**Information provided**
---+---
lemma S_var_quot_alg_iff:
  fixes ar :: "'f \<Rightarrow> nat" and A :: "('f, 'a) alg"
  assumes "congruence ar A \<theta>" "is_alg ar A"
  shows "S_var ar (quot_alg A \<theta>) \<longleftrightarrow> identifies_regular ar A \<theta>"
proof
  have eq: "equiv (car A) \<theta>" using assms(1) unfolding congruence_def by simp
  assume S: "S_var ar (quot_alg A \<theta>)"
  show "identifies_regular ar A \<theta>"
  proof (rule identifies_regularI)
    fix u v :: "('f, nat) trm" and \<rho> :: "nat \<Rightarrow> 'a"
    assume uv: "wf_trm ar u" "wf_trm ar v" "vars u = vars v"
      and \<rho>: "\<And>x. \<rho> x \<in> car A"
    have "(u, v) \<in> regular_idts ar" using uv by (simp add: regular_idts_def wf_idt_def)
    moreover have "\<forall>x. \<theta> `` {\<rho> x} \<in> car (quot_alg A \<theta>)"
      using \<rho> by (simp add: quot_alg_def quotientI)
    ultimately have "eval (quot_alg A \<theta>) (\<lambda>x. \<theta> `` {\<rho> x}) u
        = eval (quot_alg A \<theta>) (\<lambda>x. \<theta> `` {\<rho> x}) v"
      using S unfolding Mod_def sat_def by fastforce
    then have "\<theta> `` {eval A \<rho> u} = \<theta> `` {eval A \<rho> v}"
      using eval_quot_alg[OF assms, of \<rho>] \<rho> uv by simp
    then show "(eval A \<rho> u, eval A \<rho> v) \<in> \<theta>"
      using eq eval_closed[OF assms(2) uv(2) \<rho>] by (rule eq_equiv_class)
  qed
next
  have eq: "equiv (car A) \<theta>" using assms(1) unfolding congruence_def by simp
  assume R: "identifies_regular ar A \<theta>"
  show "S_var ar (quot_alg A \<theta>)" unfolding Mod_def sat_def
  proof (intro conjI ballI allI impI)
    show "is_alg ar (quot_alg A \<theta>)" using eq assms(2) by (rule is_alg_quot_alg)
    fix e and \<rho> :: "nat \<Rightarrow> 'a set"
    assume e: "e \<in> regular_idts ar" and \<rho>: "\<forall>v. \<rho> v \<in> car (quot_alg A \<theta>)"
    then have "\<forall>v. \<exists>x. x \<in> car A \<and> \<rho> v = \<theta> `` {x}" by (auto simp: quot_alg_def elim!: quotientE)
    then obtain \<sigma> where \<sigma>: "\<And>v. \<sigma> v \<in> car A" and \<rho>_eq: "\<rho> = (\<lambda>v. \<theta> `` {\<sigma> v})"
      by (metis (mono_tags))
    have "(eval A \<sigma> (fst e), eval A \<sigma> (snd e)) \<in> \<theta>"
      using R e \<sigma> unfolding identifies_regular_def by blast
    moreover have "wf_trm ar (fst e)" "wf_trm ar (snd e)"
      using e by (simp_all add: regular_idts_def wf_idt_def)
    ultimately show "eval (quot_alg A \<theta>) \<rho> (fst e) = eval (quot_alg A \<theta>) \<rho> (snd e)"
      unfolding \<rho>_eq using eval_quot_alg[OF assms, of \<sigma>] \<sigma> eq by (simp add: equiv_class_eq)
  qed
qed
---+---
**Work item**
All records shown above are to be reproduced without any alteration.

**Written reply**
lemma S_var_quot_alg_iff:
  fixes ar :: "'f \<Rightarrow> nat" and A :: "('f, 'a) alg"
  assumes "congruence ar A \<theta>" "is_alg ar A"
  shows "S_var ar (quot_alg A \<theta>) \<longleftrightarrow> identifies_regular ar A \<theta>"
proof
  have eq: "equiv (car A) \<theta>" using assms(1) unfolding congruence_def by simp
  assume S: "S_var ar (quot_alg A \<theta>)"
  show "identifies_regular ar A \<theta>"
  proof (rule identifies_regularI)
    fix u v :: "('f, nat) trm" and \<rho> :: "nat \<Rightarrow> 'a"
    assume uv: "wf_trm ar u" "wf_trm ar v" "vars u = vars v"
      and \<rho>: "\<And>x. \<rho> x \<in> car A"
    have "(u, v) \<in> regular_idts ar" using uv by (simp add: regular_idts_def wf_idt_def)
    moreover have "\<forall>x. \<theta> `` {\<rho> x} \<in> car (quot_alg A \<theta>)"
      using \<rho> by (simp add: quot_alg_def quotientI)
    ultimately have "eval (quot_alg A \<theta>) (\<lambda>x. \<theta> `` {\<rho> x}) u
        = eval (quot_alg A \<theta>) (\<lambda>x. \<theta> `` {\<rho> x}) v"
      using S unfolding Mod_def sat_def by fastforce
    then have "\<theta> `` {eval A \<rho> u} = \<theta> `` {eval A \<rho> v}"
      using eval_quot_alg[OF assms, of \<rho>] \<rho> uv by simp
    then show "(eval A \<rho> u, eval A \<rho> v) \<in> \<theta>"
      using eq eval_closed[OF assms(2) uv(2) \<rho>] by (rule eq_equiv_class)
  qed
next
  have eq: "equiv (car A) \<theta>" using assms(1) unfolding congruence_def by simp
  assume R: "identifies_regular ar A \<theta>"
  show "S_var ar (quot_alg A \<theta>)" unfolding Mod_def sat_def
  proof (intro conjI ballI allI impI)
    show "is_alg ar (quot_alg A \<theta>)" using eq assms(2) by (rule is_alg_quot_alg)
    fix e and \<rho> :: "nat \<Rightarrow> 'a set"
    assume e: "e \<in> regular_idts ar" and \<rho>: "\<forall>v. \<rho> v \<in> car (quot_alg A \<theta>)"
    then have "\<forall>v. \<exists>x. x \<in> car A \<and> \<rho> v = \<theta> `` {x}" by (auto simp: quot_alg_def elim!: quotientE)
    then obtain \<sigma> where \<sigma>: "\<And>v. \<sigma> v \<in> car A" and \<rho>_eq: "\<rho> = (\<lambda>v. \<theta> `` {\<sigma> v})"
      by (metis (mono_tags))
    have "(eval A \<sigma> (fst e), eval A \<sigma> (snd e)) \<in> \<theta>"
      using R e \<sigma> unfolding identifies_regular_def by blast
    moreover have "wf_trm ar (fst e)" "wf_trm ar (snd e)"
      using e by (simp_all add: regular_idts_def wf_idt_def)
    ultimately show "eval (quot_alg A \<theta>) \<rho> (fst e) = eval (quot_alg A \<theta>) \<rho> (snd e)"
      unfolding \<rho>_eq using eval_quot_alg[OF assms, of \<sigma>] \<sigma> eq by (simp add: equiv_class_eq)
  qed
qed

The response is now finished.